Records for this task: Begin

text \<open>Because the graph is acyclic, every s-t flow \<open>f\<close> of value \<open>v\<close> decomposes into path flows,
  \<open>f = (\<Sum>q. \<mu> q * \<chi>\<^sub>q)\<close> with \<open>(\<Sum>q. \<mu> q) = v\<close>, so \<open>f\<close> is the convex combination with weights
  \<open>\<mu> q / v\<close> of the single-path flows \<open>v * \<chi>\<^sub>q\<close>; these have value \<open>v \<le> \<gamma> \<le> min C\<close>, hence are
  admissible. The remaining user flow \<open>T(f, P)\<close> is the value of an LP whose constraints depend
  affinely on \<open>f\<close>, so it is concave in \<open>f\<close> and \<open>\<Lambda>(f, P)\<close> is convex. Replacing every flow in the
  support of \<open>w\<close> by its distribution over single-path flows therefore does not decrease
  \<open>\<Lambda>(w, P)\<close>.\<close>

definition path_indicator :: "'v list \<Rightarrow> 'v flowvec" where
  "path_indicator xs e = of_bool (e \<in> path_edges xs)"

definition inflow :: "'v edge set \<Rightarrow> 'v flowvec \<Rightarrow> 'v \<Rightarrow> real" where
  "inflow E f v = (\<Sum>e\<in>{e\<in>E. snd e = v}. f e)"

definition outflow :: "'v edge set \<Rightarrow> 'v flowvec \<Rightarrow> 'v \<Rightarrow> real" where
  "outflow E f v = (\<Sum>e\<in>{e\<in>E. fst e = v}. f e)"

lemma flow_val_eq_outflow: "flow_val E s f = outflow E f s"
  by (simp add: flow_val_def outflow_def)

lemma path_edges_Cons:
  "path_edges (x # xs) = (if xs = [] then {} else insert (x, hd xs) (path_edges xs))"
  by (cases xs) (auto simp: path_edges_def)

lemma finite_path_edges [simp]: "finite (path_edges xs)"
  by (simp add: path_edges_def)

lemma path_edges_subset: "path_edges xs \<subseteq> set xs \<times> set xs"
  unfolding path_edges_def by (cases xs) (auto dest: set_zip_leftD set_zip_rightD)

lemma card_path_edges_into:
  "distinct xs \<Longrightarrow>
    card {e\<in>path_edges xs. snd e = v} = (if v \<in> set xs \<and> v \<noteq> hd xs then 1 else 0)"
proof (induction xs)
  case (Cons x xs)
  show ?case
  proof (cases "xs = []")
    case False
    then have split: "{e\<in>path_edges (x # xs). snd e = v} =
        (if hd xs = v then {(x, v)} else {}) \<union> {e\<in>path_edges xs. snd e = v}"
      by (auto simp: path_edges_Cons)
    show ?thesis
    proof (cases "hd xs = v")
      case True
      then have "card {e\<in>path_edges xs. snd e = v} = 0"
        using Cons by simp
      then have "{e\<in>path_edges xs. snd e = v} = {}"
        by simp
      then have "{e\<in>path_edges (x # xs). snd e = v} = {(x, v)}"
        using split True by auto
      moreover have "v \<in> set (x # xs)" "v \<noteq> hd (x # xs)"
        using True False Cons.prems by auto
      ultimately show ?thesis by simp
    qed (use split Cons in auto)
  qed (simp add: path_edges_def)
qed (simp add: path_edges_def)

lemma card_path_edges_out_of:
  "distinct xs \<Longrightarrow>
    card {e\<in>path_edges xs. fst e = v} = (if v \<in> set xs \<and> v \<noteq> last xs then 1 else 0)"
proof (induction xs)
  case (Cons x xs)
  show ?case
  proof (cases "xs = []")
    case False
    then have split: "{e\<in>path_edges (x # xs). fst e = v} =
        (if x = v then {(x, hd xs)} else {}) \<union> {e\<in>path_edges xs. fst e = v}"
      by (auto simp: path_edges_Cons)
    show ?thesis
    proof (cases "x = v")
      case True
      then have "{e\<in>path_edges xs. fst e = v} = {}"
        using path_edges_subset[of xs] Cons.prems by auto
      then have "{e\<in>path_edges (x # xs). fst e = v} = {(x, hd xs)}"
        using split True by auto
      moreover have "v \<in> set (x # xs)" "v \<noteq> last (x # xs)"
        using True False Cons.prems by auto
      ultimately show ?thesis by simp
    qed (use split Cons False in auto)
  qed (simp add: path_edges_def)
qed (simp add: path_edges_def)

lemma inflow_path_indicator:
  assumes "finite E" "path_edges p \<subseteq> E" "distinct p"
  shows "inflow E (path_indicator p) v = (if v \<in> set p \<and> v \<noteq> hd p then 1 else 0)"
proof -
  have "{e\<in>E. snd e = v} \<inter> {e. e \<in> path_edges p} = {e\<in>path_edges p. snd e = v}"
    using assms(2) by auto
  then show ?thesis
    using assms card_path_edges_into[of p v]
    by (simp add: inflow_def path_indicator_def)
qed

lemma outflow_path_indicator:
  assumes "finite E" "path_edges p \<subseteq> E" "distinct p"
  shows "outflow E (path_indicator p) v = (if v \<in> set p \<and> v \<noteq> last p then 1 else 0)"
proof -
  have "{e\<in>E. fst e = v} \<inter> {e. e \<in> path_edges p} = {e\<in>path_edges p. fst e = v}"
    using assms(2) by auto
  then show ?thesis
    using assms card_path_edges_out_of[of p v]
    by (simp add: outflow_def path_indicator_def)
qed

lemma path_indicator_conserved:
  assumes "finite E" "is_st_path V E s t p" "v \<noteq> s" "v \<noteq> t"
  shows "inflow E (path_indicator p) v = outflow E (path_indicator p) v"
proof -
  have "path_edges p \<subseteq> E" "distinct p" "hd p = s" "last p = t"
    using assms(2) by (auto simp: is_st_path_def is_dpath_def)
  then show ?thesis
    using assms inflow_path_indicator[of E p v] outflow_path_indicator[of E p v] by simp
qed

lemma outflow_path_indicator_source:
  assumes "finite E" "is_st_path V E s t p" "s \<noteq> t"
  shows "outflow E (path_indicator p) s = 1"
proof -
  have "path_edges p \<subseteq> E" "distinct p" "hd p = s" "last p = t" "p \<noteq> []"
    using assms(2) by (auto simp: is_st_path_def is_dpath_def)
  then show ?thesis
    using assms outflow_path_indicator[of E p s] hd_in_set[of p] by simp
qed

lemma inflow_minus_path_indicator:
  "inflow E (\<lambda>e. f e - m * path_indicator p e) v = inflow E f v - m * inflow E (path_indicator p) v"
  by (simp add: inflow_def sum_subtractf sum_distrib_left)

Records for this task: End

- _Problem_: Tell how many lines in the entries above include the string "split", and write nothing but the number.

- _Answer space_: 6